Saved entries:

————

(* Let $G$ be a finite simple graph with a normal spanning tree $T$ rooted at $r$ such that $G$ has no secant edges with respect to $T$, and suppose $T$ is a whip. Then $G$ has a proper $3$-coloring in which all leaves of $T$ (vertices of $T$ having no children) receive the same color.
   Context: For a tree $T$ rooted at $r$, write $y\le_T x$ if $y$ lies on the $rx$-path of $T$; the children (successors) of $x$ are its neighbors $z$ with $x\le_T z$. $T$ is normal in $G$ if for every edge $xy$ of $G$, $x\le_T y$ or $y\le_T x$. Two edges $e,e'$ of $G$ are secant with respect to $T$ if there is a path $P=x_1\dots x_n$ in $T$ with $x_1=r$ containing the ends of $e,e'$ such that, with respect to the enumeration $x_1\dots x_n$, both are jumps (an edge $x_ix_j$ with $|i-j|>1$) and, writing them $x_lx_m$, $x_px_q$ with $l<m$, $p<q$, we have $l<p<m<q$ or $p<l<q<m$. A star$^0$-like tree is a tree having exactly one vertex of degree strictly greater than $2$, called its node. A whip is a rooted star$^0$-like tree in which every child of its node is a leaf. *)

theory Defs
  imports Main
begin

definition simple_graph :: "'a set \<Rightarrow> 'a set set \<Rightarrow> bool" where
  "simple_graph V E \<longleftrightarrow> finite V \<and> (\<forall>e\<in>E. e \<subseteq> V \<and> card e = 2)"

definition is_path :: "'a set set \<Rightarrow> 'a list \<Rightarrow> bool" where
  "is_path Es xs \<longleftrightarrow> xs \<noteq> [] \<and> distinct xs \<and>
     (\<forall>i. Suc i < length xs \<longrightarrow> {xs ! i, xs ! Suc i} \<in> Es)"

definition graph_connected :: "'a set \<Rightarrow> 'a set set \<Rightarrow> bool" where
  "graph_connected V Es \<longleftrightarrow>
     (\<forall>x\<in>V. \<forall>y\<in>V. \<exists>xs. is_path Es xs \<and> set xs \<subseteq> V \<and> hd xs = x \<and> last xs = y)"

definition graph_acyclic :: "'a set set \<Rightarrow> bool" where
  "graph_acyclic Es \<longleftrightarrow>
     \<not> (\<exists>xs. length xs \<ge> 3 \<and> is_path Es xs \<and> {last xs, hd xs} \<in> Es)"

definition is_tree :: "'a set \<Rightarrow> 'a set set \<Rightarrow> bool" where
  "is_tree V Es \<longleftrightarrow> V \<noteq> {} \<and> simple_graph V Es \<and> graph_connected V Es \<and> graph_acyclic Es"

definition spanning_tree :: "'a set \<Rightarrow> 'a set set \<Rightarrow> 'a set set \<Rightarrow> bool" where
  "spanning_tree V E TE \<longleftrightarrow> TE \<subseteq> E \<and> is_tree V TE"

definition tree_le :: "'a set set \<Rightarrow> 'a \<Rightarrow> 'a \<Rightarrow> 'a \<Rightarrow> bool" where
  "tree_le TE r y x \<longleftrightarrow> (\<exists>xs. is_path TE xs \<and> hd xs = r \<and> last xs = x \<and> y \<in> set xs)"

definition tree_children :: "'a set set \<Rightarrow> 'a \<Rightarrow> 'a \<Rightarrow> 'a set" where
  "tree_children TE r x = {z. {x, z} \<in> TE \<and> tree_le TE r x z}"

definition tree_leaf :: "'a set \<Rightarrow> 'a set set \<Rightarrow> 'a \<Rightarrow> 'a \<Rightarrow> bool" where
  "tree_leaf V TE r x \<longleftrightarrow> x \<in> V \<and> tree_children TE r x = {}"

definition normal_tree :: "'a set set \<Rightarrow> 'a set set \<Rightarrow> 'a \<Rightarrow> bool" where
  "normal_tree E TE r \<longleftrightarrow> (\<forall>x y. {x, y} \<in> E \<longrightarrow> tree_le TE r x y \<or> tree_le TE r y x)"

definition secant :: "'a set set \<Rightarrow> 'a \<Rightarrow> 'a set \<Rightarrow> 'a set \<Rightarrow> bool" where
  "secant TE r e e' \<longleftrightarrow>
     (\<exists>xs l m p q. is_path TE xs \<and> hd xs = r \<and>
        l < m \<and> p < q \<and> m < length xs \<and> q < length xs \<and>
        e = {xs ! l, xs ! m} \<and> e' = {xs ! p, xs ! q} \<and>
        m - l > 1 \<and> q - p > 1 \<and>
        ((l < p \<and> p < m \<and> m < q) \<or> (p < l \<and> l < q \<and> q < m)))"

definition no_secant_edges :: "'a set set \<Rightarrow> 'a set set \<Rightarrow> 'a \<Rightarrow> bool" where
  "no_secant_edges E TE r \<longleftrightarrow> (\<forall>e\<in>E. \<forall>e'\<in>E. \<not> secant TE r e e')"

definition tree_degree :: "'a set set \<Rightarrow> 'a \<Rightarrow> nat" where
  "tree_degree TE x = card {y. {x, y} \<in> TE}"

definition star0_like :: "'a set \<Rightarrow> 'a set set \<Rightarrow> bool" where
  "star0_like V TE \<longleftrightarrow> (\<exists>!v. v \<in> V \<and> tree_degree TE v > 2)"

definition whip :: "'a set \<Rightarrow> 'a set set \<Rightarrow> 'a \<Rightarrow> bool" where
  "whip V TE r \<longleftrightarrow> r \<in> V \<and> is_tree V TE \<and>
star0_like V TE \<and>
     (\<forall>v. v \<in> V \<and> tree_degree TE v > 2 \<longrightarrow>
          (\<forall>z\<in>tree_children TE r v. tree_children TE r z = {}))"

definition proper_3_coloring :: "'a set \<Rightarrow> 'a set set \<Rightarrow> ('a \<Rightarrow> nat) \<Rightarrow> bool" where
  "proper_3_coloring V E c \<longleftrightarrow> c ` V \<subseteq> {0, 1, 2} \<and> (\<forall>x y. {x, y} \<in> E \<longrightarrow> c x \<noteq> c y)"

end

(* Every vertex of a whip lies on the spine (the root path of the node), is a leaf below the
   node, or lies on the tail, the path continuing beyond the root away from the node. Lay the
   vertices out on a line: the spine by depth, then all leaves below the node at one position,
   then the tail in reverse, its end at that same position. Normality makes every edge join
   comparable vertices, so adjacent vertices get distinct positions and the tail meets the rest
   only at the root; the absence of secant edges says that no two edges cross in this layout.
   A graph drawn on a line without crossing edges is 3-colourable, and the leaves inherit the
   colour of their common position. *)

theory Submission
  imports Defs
begin

section \<open>Colouring non-crossing layouts\<close>

lemma noncrossing_split_point:
  fixes adj :: "nat \<Rightarrow> nat \<Rightarrow> bool"
  assumes noncrossing: "\<And>a b c d. adj a b \<Longrightarrow> adj c d \<Longrightarrow> a < c \<Longrightarrow> c < b \<Longrightarrow> b < d \<Longrightarrow> False"
    and "Suc i < j"
  obtains k where "i < k" "k < j"
    "\<And>x y. i \<le> x \<Longrightarrow> x < k \<Longrightarrow> k < y \<Longrightarrow> y \<le> j \<Longrightarrow> adj x y \<Longrightarrow> x = i \<and> y = j"
proof -
  define S where "S = {b. i < b \<and> b < j \<and> adj i b}"
  define k where "k = (if S = {} then Suc i else Max S)"
  have fin: "finite S" unfolding S_def by auto
  have k: "i < k" "k < j" using assms(2) Max_in[OF fin] unfolding k_def by (auto simp: S_def)
  have "x = i \<and> y = j" if "i \<le> x" "x < k" "k < y" "y \<le> j" "adj x y" for x y
  proof
    show "x = i"
    proof (rule ccontr)
      assume "x \<noteq> i"
      then have "S \<noteq> {}" using that unfolding k_def by (auto split: if_splits)
      then have "adj i k" using Max_in[OF fin] unfolding k_def by (auto simp: S_def)
      then show False using noncrossing[of i k x y] that \<open>x \<noteq> i\<close> by auto
    qed
    show "y = j"
    proof (rule ccontr)
      assume "y \<noteq> j"
      then have "y \<in> S" using that \<open>x = i\<close> k by (auto simp: S_def)
      then have "S \<noteq> {}" "y \<le> Max S" using Max_ge[OF fin] by auto
      then show False using \<open>k < y\<close> unfolding k_def by simp
    qed
  qed
  then show ?thesis using that k by blast
qed

lemma glue_interval_colourings:
  fixes adj :: "nat \<Rightarrow> nat \<Rightarrow> bool"
  assumes sym: "\<And>x y. adj x y \<Longrightarrow> adj y x"
    and c1: "\<forall>x\<in>{i..k}. \<forall>y\<in>{i..k}. adj x y \<longrightarrow> c1 x \<noteq> c1 y"
    and c2: "\<forall>x\<in>{k..j}. \<forall>y\<in>{k..j}. adj x y \<longrightarrow> c2 x \<noteq> c2 y"
    and agree: "c1 k = c2 k" and ends: "c1 i \<noteq> c2 j" and "i < k" "k < j"
    and cross: "\<And>x y. i \<le> x \<Longrightarrow> x < k \<Longrightarrow> k < y \<Longrightarrow> y \<le> j \<Longrightarrow> adj x y \<Longrightarrow> x = i \<and> y = j"
  defines "col x \<equiv> if x \<le> k then c1 x else c2 x"
  shows "\<forall>x\<in>{i..j}. \<forall>y\<in>{i..j}. adj x y \<longrightarrow> col x \<noteq> col y"
proof (intro ballI impI)
  fix x y assume xy: "x \<in> {i..j}" "y \<in> {i..j}" "adj x y"
  consider "x \<le> k" "y \<le> k" | "k \<le> x" "k \<le> y" | "x < k" "k < y" | "y < k" "k < x"
    by linarith
  then show "col x \<noteq> col y"
  proof cases
    case 1
    then show ?thesis using c1 xy by (auto simp: col_def)
  next
    case 2
    then have "col x = c2 x" "col y = c2 y" using agree by (auto simp: col_def)
    then show ?thesis using c2 xy 2 by auto
  next
    case 3
    then show ?thesis using cross[of x y] xy ends \<open>i < k\<close> \<open>k < j\<close> by (auto simp: col_def)
  next
    case 4
    then show ?thesis using cross[of y x] sym xy ends \<open>i < k\<close> \<open>k < j\<close> by (auto simp: col_def)
  qed
qed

————

== TASK OBJECTIVE ==
Report the count, and only the count, of lines in the records above that contain "exists".

== ANSWER BELOW ==
5